Incorporating External Information For Visual Question Answering


Download Incorporating External Information For Visual Question Answering PDF/ePub or read online books in Mobi eBooks. Click Download or Read Online button to get Incorporating External Information For Visual Question Answering book now. This website allows unlimited access to, at the time of writing, more than 1.5 million titles, including hundreds of thousands of titles in various foreign languages.

Download

Incorporating External Information for Visual Question Answering


Incorporating External Information for Visual Question Answering

Author: Jialin Wu (Ph. D.)

language: en

Publisher:

Release Date: 2022


DOWNLOAD





Visual question answering (VQA) has recently emerged as a challenging multi-modal task and has gained popularity. The goal is to answer questions that query information associated with the visual content in the given image. Since the required information could be from both inside and outside the image, common types of visual features, such as object and attribute detection, fail to provide enough materials for answering the questions. External information, such as captions, explanations, encyclopedia articles, and commonsense databases, can help VQA systems comprehensively understand the image, reason following the right path, and access external facts. Specifically, they provide concise descriptions of the image, precise reasons for the correct answer, and factual knowledge beyond the image. In this dissertation, we present our work on generating image captions that are targeted to help answer a specific visual question. We use explanations to recognize the critical objects to prevent the VQA models from taking language prior shortcuts. We introduce an approach that generates textual explanations and utilizes them to determine which answer is mostly supported. At last, we explore retrieving and exploiting external knowledge beyond the visual content, which is indispensable, to help answer knowledge-based visual questions

Visual Question Answering


Visual Question Answering

Author: Qi Wu

language: en

Publisher: Springer Nature

Release Date: 2022-05-13


DOWNLOAD





Visual Question Answering (VQA) usually combines visual inputs like image and video with a natural language question concerning the input and generates a natural language answer as the output. This is by nature a multi-disciplinary research problem, involving computer vision (CV), natural language processing (NLP), knowledge representation and reasoning (KR), etc. Further, VQA is an ambitious undertaking, as it must overcome the challenges of general image understanding and the question-answering task, as well as the difficulties entailed by using large-scale databases with mixed-quality inputs. However, with the advent of deep learning (DL) and driven by the existence of advanced techniques in both CV and NLP and the availability of relevant large-scale datasets, we have recently seen enormous strides in VQA, with more systems and promising results emerging. This book provides a comprehensive overview of VQA, covering fundamental theories, models, datasets, and promising future directions. Given its scope, it can be used as a textbook on computer vision and natural language processing, especially for researchers and students in the area of visual question answering. It also highlights the key models used in VQA.
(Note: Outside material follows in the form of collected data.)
lemma eqv_add: "p \<approx> q \<Longrightarrow> p' \<approx> q' \<Longrightarrow> p + p' \<approx> q + q'"
  unfolding eqv_def using is_ideal_add[OF is_ideal_I, of "p - q" "p' - q'"] by (simp add: algebra_simps)

lemma eqv_diff: "p \<approx> q \<Longrightarrow> p' \<approx> q' \<Longrightarrow> p - p' \<approx> q - q'"
  unfolding eqv_def using is_ideal_diff[OF is_ideal_I, of "p - q" "p' - q'"] by (simp add: algebra_simps)

lemma eqv_mult_left: "p \<approx> q \<Longrightarrow> c * p \<approx> c * q"
  unfolding eqv_def using mult_left_in_I[of "p - q" c] by (simp add: algebra_simps)

lemma eqv_mult_right: "p \<approx> q \<Longrightarrow> p * c \<approx> q * c"
  using eqv_mult_left[of p q c] by (simp add: mult.commute)

lemma eqv_mult: "p \<approx> q \<Longrightarrow> p' \<approx> q' \<Longrightarrow> p * p' \<approx> q * q'"
  using eqv_mult_right[of p q p'] eqv_mult_left[of p' q' q] eqv_trans by blast

lemma eqv_sum: "(\<And>i. i \<in> S \<Longrightarrow> f i \<approx> g i) \<Longrightarrow> sum f S \<approx> sum g S"
  by (induction S rule: infinite_finite_induct) (auto intro: eqv_add)

lemma eqv_0_iff: "p \<approx> 0 \<longleftrightarrow> p \<in> I"
  by (simp add: eqv_def)

lemma eqv_in_I: "p \<approx> q \<Longrightarrow> q \<in> I \<Longrightarrow> p \<in> I"
  using eqv_0_iff eqv_trans by blast

lemma eqv_normal_form: "normal_form f \<approx> f"
  using eqv_sym[of f "normal_form f"] normal_form_congruent[of f] by (simp add: eqv_def)

lemma eqv_reduced_eq:
  "p \<approx> q \<Longrightarrow> keys p \<subseteq> basis_monos r tp \<Longrightarrow> keys q \<subseteq> basis_monos r tp \<Longrightarrow> p = q"
  using reduced_in_I_eq_0[of "p - q"] keys_diff[of p q] by (auto simp: eqv_def)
Proceedings of International Conference on Advances in Computer Engineering and Communication Systems


Proceedings of International Conference on Advances in Computer Engineering and Communication Systems

Author: C. Kiran Mai

language: en

Publisher: Springer Nature

Release Date: 2021-01-22


DOWNLOAD





This book comprises the best deliberations with the theme “Smart Innovations in Mezzanine Technologies, Data Analytics, Networks and Communication Systems” in the “International Conference on Advances in Computer Engineering and Communication Systems (ICACECS 2020)”, organized by the Department of Computer Science and Engineering, VNR Vignana Jyothi Institute of Engineering and Technology. The book provides insights on the recent trends and developments in the field of computer science with a special focus on the mezzanine technologies and creates an arena for collaborative innovation. The book focuses on advanced topics in artificial intelligence, machine learning, data mining and big data computing, cloud computing, Internet on things, distributed computing and smart systems.